■ Task details ■
Go through the records and show each line where the word "notin" occurs.

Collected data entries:
(* Fix a start pose $\mathbf{p}_0=(x_0,y_0,\theta_0)$ and CCC inputs $\mathbf{u}_i=(v_i,\omega_i)$, $i=1,2,3$, with $v_i>0$, $\omega_i\neq0$, $\operatorname{sign}\omega_1\neq\operatorname{sign}\omega_2$, $\operatorname{sign}\omega_2\neq\operatorname{sign}\omega_3$. A pose $\mathbf{p}_f=(x_f,y_f,\theta_f)$ is reachable from $\mathbf{p}_0$ by the CCC path with these inputs if and only if $$r_{31}^2\ \le\ (x_f-c)^2+(y_f-d)^2\ \le\ (r_{12}-r_{23})^2,$$ where $c=x_0-r_1\sin\theta_0+r_3\sin\theta_f$ and $d=y_0+r_1\cos\theta_0-r_3\cos\theta_f$.
   Context: A pose is $\mathbf{p}=(x,y,\theta)$, heading understood modulo $2\pi$. An input is $\mathbf{u}=(v,\omega)$. The motion primitive $\mathrm{M}_{\mathbf{u},\tau}$ maps $(x,y,\theta)$ to: if $\omega\neq0$, $\big(x-\frac{v}{\omega}(\sin\theta-\sin(\theta+\omega\tau)),\ y+\frac{v}{\omega}(\cos\theta-\cos(\theta+\omega\tau)),\ \theta+\omega\tau\big)$; if $\omega=0$, $(x+v\tau\cos\theta,\ y+v\tau\sin\theta,\ \theta)$. For a fixed path type with fixed inputs $\mathbf{u}_1,\mathbf{u}_2,\mathbf{u}_3$, a pose $\mathbf{p}_f$ is reachable from $\mathbf{p}_0$ if there exist durations $\tau_1,\tau_2,\tau_3\ge0$, with $|\omega_i\tau_i|<2\pi$ for each turning segment, such that $\mathrm{M}_{\mathbf{u}_3,\tau_3}(\mathrm{M}_{\mathbf{u}_2,\tau_2}(\mathrm{M}_{\mathbf{u}_1,\tau_1}(\mathbf{p}_0)))$ has position $(x_f,y_f)$ and heading congruent to $\theta_f$ modulo $2\pi$. Notation: $r_i=v_i/\omega_i$, $r_{ij}=r_i-r_j$. *)

theory Defs
  imports Complex_Main
begin

type_synonym pose = "real \<times> real \<times> real"   (* (x, y, theta) *)
type_synonym input = "real \<times> real"          (* (v, omega) *)

definition motion :: "input \<Rightarrow> real \<Rightarrow> pose \<Rightarrow> pose" where
  "motion u \<tau> p = (let (v, \<omega>) = u; (x, y, \<theta>) = p in
     if \<omega> \<noteq> 0 then
       (x - v / \<omega> * (sin \<theta> - sin (\<theta> + \<omega> * \<tau>)),
        y + v / \<omega> * (cos \<theta> - cos (\<theta> + \<omega> * \<tau>)),
        \<theta> + \<omega> * \<tau>)
     else (x + v * \<tau> * cos \<theta>, y + v * \<tau> * sin \<theta>, \<theta>))"

definition admissible_dur :: "input \<Rightarrow> real \<Rightarrow> bool" where
  "admissible_dur u \<tau> \<longleftrightarrow> \<tau> \<ge> 0 \<and> (snd u \<noteq> 0 \<longrightarrow> \<bar>snd u * \<tau>\<bar> < 2 * pi)"

definition reachable3 :: "input \<Rightarrow> input \<Rightarrow> input \<Rightarrow> pose \<Rightarrow> pose \<Rightarrow> bool" where
  "reachable3 u1 u2 u3 p0 pf \<longleftrightarrow>
     (\<exists>\<tau>1 \<tau>2 \<tau>3. admissible_dur u1 \<tau>1 \<and> admissible_dur u2 \<tau>2 \<and> admissible_dur u3 \<tau>3 \<and>
        (let q = motion u3 \<tau>3 (motion u2 \<tau>2 (motion u1 \<tau>1 p0)) in
           fst q = fst pf \<and> fst (snd q) = fst (snd pf) \<and>
           (\<exists>k::int. snd (snd q) = snd (snd pf) + 2 * pi * of_int k)))"

end

theory Submission
  imports Defs
begin

text \<open>After three turns the vehicle sits at
  \<open>(c, d) + (r\<^sub>1\<^sub>2 sin \<theta>\<^sub>1 + r\<^sub>2\<^sub>3 sin \<theta>\<^sub>2, -(r\<^sub>1\<^sub>2 cos \<theta>\<^sub>1 + r\<^sub>2\<^sub>3 cos \<theta>\<^sub>2))\<close>,
  where \<open>\<theta>\<^sub>1, \<theta>\<^sub>2\<close> are the headings after the first two arcs and the final heading enters only
  through \<open>(c, d)\<close>. Since each arc may sweep any angle in \<open>[0, 2\<pi>)\<close>, the headings
  \<open>\<theta>\<^sub>1, \<theta>\<^sub>2, \<theta>\<^sub>f\<close> can be prescribed freely, so the reachable positions form the set of sums of
  two vectors of lengths \<open>|r\<^sub>1\<^sub>2|\<close> and \<open>|r\<^sub>2\<^sub>3|\<close>: the annulus with radii
  \<open>||r\<^sub>1\<^sub>2| - |r\<^sub>2\<^sub>3||\<close> and \<open>|r\<^sub>1\<^sub>2| + |r\<^sub>2\<^sub>3|\<close>. Alternating turning directions make
  \<open>r\<^sub>1\<^sub>2\<close> and \<open>r\<^sub>2\<^sub>3\<close> of opposite signs, turning these radii into \<open>|r\<^sub>3\<^sub>1|\<close> and
  \<open>|r\<^sub>1\<^sub>2 - r\<^sub>2\<^sub>3|\<close>.\<close>

lemma sin_cos_add_2pi_int:
  "sin (x + 2 * pi * of_int k) = sin x" "cos (x + 2 * pi * of_int k) = cos x"
  by (simp_all add: sin_add cos_add)
lemma kolmogorov_log_derivative_identity:
  fixes Q' Q :: "real \<Rightarrow> 'x::finite \<Rightarrow> 'x \<Rightarrow> real"
  assumes diag: "\<And>x. Q' t x x = - (\<Sum>y\<in>UNIV - {x}. Q' t x y)"
    and Q'_nonneg: "\<And>x y. x \<noteq> y \<Longrightarrow> 0 \<le> Q' t x y" and Q_nonneg: "\<And>x y. x \<noteq> y \<Longrightarrow> 0 \<le> Q t x y"
    and abs_cont: "\<And>x y. x \<noteq> y \<Longrightarrow> Q' t x y = 0 \<Longrightarrow> Q t x y = 0"
    and pos: "\<And>x. 0 < \<phi> t x"
  shows "(\<Sum>x\<in>UNIV. p x * (- (\<Sum>y\<in>UNIV. Q' t x y * \<phi> t y) / \<phi> t x)
            + ((\<Sum>y\<in>UNIV - {x}. Q t y x * p y) - (\<Sum>y\<in>UNIV - {x}. Q t x y * p x)) * ln (\<phi> t x))
    = (\<Sum>x\<in>UNIV. p x * (pen Q' Q t x - pen (doob_transform Q' \<phi>) Q t x))"
proof -
  have "(\<Sum>x\<in>UNIV. ((\<Sum>y\<in>UNIV - {x}. Q t y x * p y) - (\<Sum>y\<in>UNIV - {x}. Q t x y * p x)) * ln (\<phi> t x))
      = (\<Sum>x\<in>UNIV. \<Sum>y\<in>UNIV - {x}. Q t y x * p y * ln (\<phi> t x))
        - (\<Sum>x\<in>UNIV. \<Sum>y\<in>UNIV - {x}. Q t x y * p x * ln (\<phi> t x))"
    by (simp add: left_diff_distrib sum_subtractf sum_distrib_right)
  also have "(\<Sum>x\<in>UNIV. \<Sum>y\<in>UNIV - {x}. Q t y x * p y * ln (\<phi> t x))
      = (\<Sum>x\<in>UNIV. \<Sum>y\<in>UNIV - {x}. Q t x y * p x * ln (\<phi> t y))"
    by (rule sum_off_diagonal_swap)
  finally have flux: "(\<Sum>x\<in>UNIV. ((\<Sum>y\<in>UNIV - {x}. Q t y x * p y) - (\<Sum>y\<in>UNIV - {x}. Q t x y * p x)) * ln (\<phi> t x))
      = (\<Sum>x\<in>UNIV. p x * (\<Sum>y\<in>UNIV - {x}. Q t x y * (ln (\<phi> t y) - ln (\<phi> t x))))"
    by (simp add: sum_distrib_left right_diff_distrib sum_subtractf mult_ac)
  have gap: "pen Q' Q t x - pen (doob_transform Q' \<phi>) Q t x
      = (\<Sum>y\<in>UNIV - {x}. Q t x y * (ln (\<phi> t y) - ln (\<phi> t x))) - (\<Sum>y\<in>UNIV. Q' t x y * \<phi> t y) / \<phi> t x"
    for x
    using assms by (intro pen_diff_doob_transform) auto
  have "(\<Sum>x\<in>UNIV. p x * (pen Q' Q t x - pen (doob_transform Q' \<phi>) Q t x))
      = (\<Sum>x\<in>UNIV. p x * (- (\<Sum>y\<in>UNIV. Q' t x y * \<phi> t y) / \<phi> t x)
          + p x * (\<Sum>y\<in>UNIV - {x}. Q t x y * (ln (\<phi> t y) - ln (\<phi> t x))))"
    unfolding gap by (intro sum.cong refl) (simp add: algebra_simps)
  moreover have "(\<Sum>x\<in>UNIV. p x * (- (\<Sum>y\<in>UNIV. Q' t x y * \<phi> t y) / \<phi> t x)
            + ((\<Sum>y\<in>UNIV - {x}. Q t y x * p y) - (\<Sum>y\<in>UNIV - {x}. Q t x y * p x)) * ln (\<phi> t x))
      = (\<Sum>x\<in>UNIV. p x * (- (\<Sum>y\<in>UNIV. Q' t x y * \<phi> t y) / \<phi> t x))
        + (\<Sum>x\<in>UNIV. p x * (\<Sum>y\<in>UNIV - {x}. Q t x y * (ln (\<phi> t y) - ln (\<phi> t x))))"
    by (simp only: sum.distrib flux)
  ultimately show ?thesis
    by (simp only: sum.distrib)
qed
(* Let $s_1,\dots,s_{d-1}$ be positive integers, $s_0=s_d=1$, with $s_{i-1}s_i\le n_i$ for all $i$, let $H$ be the stabilizer in $G$ of $T=\sum_{\alpha_1,\dots,\alpha_{d-1}} e_1^{\alpha_1}\otimes e_2^{\iota_2(\alpha_1,\alpha_2)}\otimes\cdots\otimes e_{d-1}^{\iota_{d-1}(\alpha_{d-2},\alpha_{d-1})}\otimes e_d^{\alpha_{d-1}}$, so that $\Pi_{s_1\dots s_{d-1}}=G/H$. Then $G/H$ is reductive if and only if $n_i=s_{i-1}s_i$ for all $i=1,\dots,d$ (i.e. $n_1=s_1$, $n_i=s_{i-1}s_i$ for $2\le i\le d-1$, $n_d=s_{d-1}$). Moreover, in that case the orthogonal complement $\mathfrak{m}$ of $\mathfrak{h}$ in $\mathfrak{g}$ (with respect to $\langle Z,Z'\rangle=\sum_i\mathrm{tr}(Z_iZ_i'^{\mathsf T})$) satisfies $h\mathfrak{m}h^{-1}\subset\mathfrak{m}$ for all $h\in H$.
   Context: Fix integers $d\ge 3$ and $n_1,\dots,n_d\ge 2$. $V=\mathbb{R}^{n_1}\otimes\cdots\otimes\mathbb{R}^{n_d}$, and $G=\mathrm{GL}(n_1)\times\cdots\times\mathrm{GL}(n_d)$ acts on $V$ by $(g_1,\dots,g_d)\cdot(v_1\otimes\cdots\otimes v_d)=(g_1v_1)\otimes\cdots\otimes(g_dv_d)$, extended linearly. $e_i^1,\dots,e_i^{n_i}$ is the standard basis of $\mathbb{R}^{n_i}$. For $2\le i\le d-1$, $\iota_i:[s_{i-1}]\times[s_i]\to[s_{i-1}s_i]$ is the lexicographic bijection with the first argument most significant. $\mathfrak{g}=\mathfrak{gl}(n_1)\times\cdots\times\mathfrak{gl}(n_d)$ is the Lie algebra of $G$, $\mathfrak{h}$ the Lie algebra of $H$, and $H$ acts on $\mathfrak{g}$ by $hZh^{-1}=(h_iZ_ih_i^{-1})_i$. A homogeneous space $G/H$ is called reductive if there exists a linear subspace $\mathfrak{p}\subset\mathfrak{g}$ with $\mathfrak{p}\oplus\mathfrak{h}=\mathfrak{g}$ and $h\mathfrak{p}h^{-1}\subset\mathfrak{p}$ for all $h\in H$. *)

theory Defs
  imports Complex_Main
begin

(* Conventions: tensor factors are indexed by i \<in> {1..d}; inside factor i the
   basis vectors are indexed 0-based, a < n i (e_i^{a+1} in the paper).
   A square matrix of size m is a function nat \<Rightarrow> nat \<Rightarrow> real that vanishes
   outside {0..<m} \<times> {0..<m}.  An element of gl(n_1) x ... x gl(n_d) is a
   function Z :: nat \<Rightarrow> nat \<Rightarrow> nat \<Rightarrow> real, Z i being the i-th block. *)

type_synonym mat = "nat \<Rightarrow> nat \<Rightarrow> real"
type_synonym tup = "nat \<Rightarrow> mat"
type_synonym tensor = "(nat \<Rightarrow> nat) \<Rightarrow> real"

definition mmul :: "nat \<Rightarrow> mat \<Rightarrow> mat \<Rightarrow> mat" where
  "mmul m A B = (\<lambda>a b. if a < m \<and> b < m then (\<Sum>c<m. A a c * B c b) else 0)"

definition mident :: "nat \<Rightarrow> mat" where
  "mident m = (\<lambda>a b. if a < m \<and> b < m \<and> a = b then 1 else 0)"

fun mpow :: "nat \<Rightarrow> mat \<Rightarrow> nat \<Rightarrow> mat" where
  "mpow m A 0 = mident m"
| "mpow m A (Suc k) = mmul m (mpow m A k) A"

definition mexp :: "nat \<Rightarrow> mat \<Rightarrow> mat" where
  "mexp m A = (\<lambda>a b. (\<Sum>k. mpow m A k a b / fact k))"

definition minv :: "nat \<Rightarrow> mat \<Rightarrow> mat" where
  "minv m A = (SOME B. (\<forall>a b. (a \<ge> m \<or> b \<ge> m) \<longrightarrow> B a b = 0)
                      \<and> mmul m A B = mident m \<and> mmul m B A = mident m)"

definition gl_alg :: "nat \<Rightarrow> (nat \<Rightarrow> nat) \<Rightarrow> tup set" where
  "gl_alg d n = {Z. \<forall>i a b. (i \<notin> {1..d} \<or> a \<ge> n i \<or> b \<ge> n i) \<longrightarrow> Z i a b = 0}"

definition GL_grp :: "nat \<Rightarrow> (nat \<Rightarrow> nat) \<Rightarrow> tup set" where
  "GL_grp d n = {g \<in> gl_alg d n. \<forall>i\<in>{1..d}. \<exists>B.
      (\<forall>a b. (a \<ge> n i \<or> b \<ge> n i) \<longrightarrow> B a b = 0)
      \<and> mmul (n i) (g i) B = mident (n i) \<and> mmul (n i) B (g i) = mident (n i)}"

definition gexp :: "nat \<Rightarrow> (nat \<Rightarrow> nat) \<Rightarrow> tup \<Rightarrow> tup" where
  "gexp d n Z = (\<lambda>i. if i \<in> {1..d} then mexp (n i) (Z i) else (\<lambda>a b. 0))"

definition gscale :: "real \<Rightarrow> tup \<Rightarrow> tup" where
  "gscale t Z = (\<lambda>i a b. t * Z i a b)"

definition gadd :: "tup \<Rightarrow> tup \<Rightarrow> tup" where
  "gadd Z Y = (\<lambda>i a b. Z i a b + Y i a b)"

definition gconj :: "nat \<Rightarrow> (nat \<Rightarrow> nat) \<Rightarrow> tup \<Rightarrow> tup \<Rightarrow> tup" where
  "gconj d n h Z = (\<lambda>i. if i \<in> {1..d}
       then mmul (n i) (mmul (n i) (h i) (Z i)) (minv (n i) (h i)) else (\<lambda>a b. 0))"

definition multi_idx :: "nat \<Rightarrow> (nat \<Rightarrow> nat) \<Rightarrow> (nat \<Rightarrow> nat) set" where
  "multi_idx d n = {j. \<forall>i. (i \<in> {1..d} \<longrightarrow> j i < n i) \<and> (i \<notin> {1..d} \<longrightarrow> j i = 0)}"

definition act :: "nat \<Rightarrow> (nat \<Rightarrow> nat) \<Rightarrow> tup \<Rightarrow> tensor \<Rightarrow> tensor" where
  "act d n g T = (\<lambda>j. if j \<in> multi_idx d n
      then (\<Sum>k\<in>multi_idx d n. (\<Prod>i\<in>{1..d}. g i (j i) (k i)) * T k) else 0)"

definition basis_tensor :: "(nat \<Rightarrow> nat) \<Rightarrow> tensor" where
  "basis_tensor k = (\<lambda>j. if j = k then 1 else 0)"

text \<open>Index tuples alpha = (alpha_1,...,alpha_{d-1}), alpha_i < s_i (0-based),
  extended by alpha_0 = alpha_d = 0.\<close>
definition alpha_set :: "nat \<Rightarrow> (nat \<Rightarrow> nat) \<Rightarrow> (nat \<Rightarrow> nat) set" where
  "alpha_set d s = {\<alpha>. \<forall>i. (i \<in> {1..d-1} \<longrightarrow> \<alpha> i < s i) \<and> (i \<notin> {1..d-1} \<longrightarrow> \<alpha> i = 0)}"

text \<open>Lexicographic bijection iota_i(a,b) = a * s_i + b (0-based, first argument most significant).\<close>
definition iota :: "(nat \<Rightarrow> nat) \<Rightarrow> nat \<Rightarrow> nat \<Rightarrow> nat \<Rightarrow> nat" where
  "iota s i a b = a * s i + b"

text \<open>The multi-index (alpha_1, iota_2(alpha_1,alpha_2), ..., iota_{d-1}(..), alpha_{d-1});
  for i = 1 and i = d this reduces to alpha_1 resp. alpha_{d-1} since alpha_0 = alpha_d = 0, s_d = 1.\<close>
definition mps_index :: "nat \<Rightarrow> (nat \<Rightarrow> nat) \<Rightarrow> (nat \<Rightarrow> nat) \<Rightarrow> (nat \<Rightarrow> nat)" where
  "mps_index d s \<alpha> = (\<lambda>i. if i = 1 then \<alpha> 1
                         else if i = d then \<alpha> (d - 1)
                         else if 2 \<le> i \<and> i \<le> d - 1 then iota s i (\<alpha> (i - 1)) (\<alpha> i)
                         else 0)"

definition T_mps :: "nat \<Rightarrow> (nat \<Rightarrow> nat) \<Rightarrow> tensor" where
  "T_mps d s = (\<lambda>j. \<Sum>\<alpha>\<in>alpha_set d s. basis_tensor (mps_index d s \<alpha>) j)"

definition stab :: "nat \<Rightarrow> (nat \<Rightarrow> nat) \<Rightarrow> tensor \<Rightarrow> tup set" where
  "stab d n T = {g \<in> GL_grp d n. act d n g T = T}"

definition lie_alg :: "nat \<Rightarrow> (nat \<Rightarrow> nat) \<Rightarrow> tup set \<Rightarrow> tup set" where
  "lie_alg d n H = {Z \<in> gl_alg d n. \<forall>t::real. gexp d n (gscale t Z) \<in> H}"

■ Expected answer ■
  "gl_alg d n = {Z. \<forall>i a b. (i \<notin> {1..d} \<or> a \<ge> n i \<or> b \<ge> n i) \<longrightarrow> Z i a b = 0}"
  "multi_idx d n = {j. \<forall>i. (i \<in> {1..d} \<longrightarrow> j i < n i) \<and> (i \<notin> {1..d} \<longrightarrow> j i = 0)}"
  "alpha_set d s = {\<alpha>. \<forall>i. (i \<in> {1..d-1} \<longrightarrow> \<alpha> i < s i) \<and> (i \<notin> {1..d-1} \<longrightarrow> \<alpha> i = 0)}"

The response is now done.